Fernando’s work reminds us to take nothing for granted. That an artist should never be defined by what they do to make ends meet. That after all,  the idea of the "everyman" is only just an idea and culture is indeed ordinary, but only as ordinary as ourselves.

Fernando’s visual works, as well as perspectives on the world, are best embodied in his artist statement, drafted for Red Wedge magazine: 

"When I draw, I try to be honest and accurate in representing what I am feeling and seeing. My line is not perfect, nor do I wish for it to be. I am an artist. My search is not in material but in the desire for my spirt to grow and for the many shared experiences of the spirit to flourish. Washes of color and movements of lines are the tools I use to represent my many worlds.
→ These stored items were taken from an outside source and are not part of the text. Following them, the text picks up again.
lemma commute_diag_sqrt:
  assumes nonneg: "\<And>i. 0 \<le> b i"
    and comm: "G ** diag_mat (\<lambda>i. complex_of_real (b i * b i))
      = diag_mat (\<lambda>i. complex_of_real (b i * b i)) ** G"
  shows "G ** diag_mat (\<lambda>i. complex_of_real (b i)) = diag_mat (\<lambda>i. complex_of_real (b i)) ** G"
proof -
  have "G $ i $ j * complex_of_real (b j) = complex_of_real (b i) * G $ i $ j" for i j
  proof (cases "G $ i $ j = 0")
    case False
    have "G $ i $ j * complex_of_real (b j * b j) = complex_of_real (b i * b i) * G $ i $ j"
      using arg_cong[OF comm, of "\<lambda>M. M $ i $ j"]
      by (simp add: matrix_diag_mat_mult_nth diag_mat_matrix_mult_nth)
    then have "complex_of_real (b j * b j) = complex_of_real (b i * b i)"
      using False by (simp add: mult.commute)
    then have "b j * b j = b i * b i" using of_real_eq_iff by blast
    then have "b j = b i" using nonneg[of i] nonneg[of j]
      by (metis abs_of_nonneg real_sqrt_abs2 power2_eq_square)
    then show ?thesis by (simp add: mult.commute)
  qed simp
  then show ?thesis by (simp add: vec_eq_iff matrix_diag_mat_mult_nth diag_mat_matrix_mult_nth)
qed

lemma commute_psd_sqrt:
  assumes B: "psd B" and comm: "H ** (B ** B) = (B ** B) ** H"
  shows "H ** B = B ** H"
proof -
  obtain U b where U: "unitary U" and nonneg: "\<And>i. 0 \<le> b i"
    and B_eq: "B = U ** diag_mat (\<lambda>i. complex_of_real (b i)) ** cadj U"
    using psd_diagonalization[OF B] by blast
  define E where "E = diag_mat (\<lambda>i. complex_of_real (b i))"
  define G where "G = cadj U ** H ** U"
  have H_eq: "H = U ** G ** cadj U"
    using U by (simp add: G_def matrix_mul_assoc unitary_simps)
  have "U ** (G ** (E ** E)) ** cadj U = U ** ((E ** E) ** G) ** cadj U"
    using comm U unfolding H_eq B_eq E_def[symmetric] by (simp add: matrix_mul_assoc unitary_simps)
  then have "cadj U ** (U ** (G ** (E ** E)) ** cadj U) ** U
      = cadj U ** (U ** ((E ** E) ** G) ** cadj U) ** U"
    by simp
  then have "G ** (E ** E) = (E ** E) ** G"
    using U by (simp add: matrix_mul_assoc unitary_simps)
  then have "G ** E = E ** G"
    using commute_diag_sqrt[OF nonneg] by (simp add: E_def diag_mat_mult)
  then show ?thesis
    unfolding H_eq B_eq E_def[symmetric] using U
    by (simp add: matrix_mul_assoc unitary_simps) (metis matrix_mul_assoc)
qed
I utilize labels in society to describe who I am, but the image I express on paper are the most definite representations of who I truly am in this world, as categorization is not necessary in this aspect of my identity.

"As an audience, you allow me to visually depict the joys and sorrows of our lives; you allow me to illustrate what is in the dormancy of your subconscious. It is through your eye that my/our artist expression allows for a comprehension of each other, a communal thought. Is it through you that I am able to achieve visual semblance? The truth is I create because I must. I create so that we can share emotions and have an experience together, without ever knowing each other. No matter what world we may have come from individually, the language of art translates to the heart and mind. Through this I will be what you need me to be: a friend, inspiration, laughter, hope or simply emotion. I create art for the enjoyment of any person anywhere, I create art for us."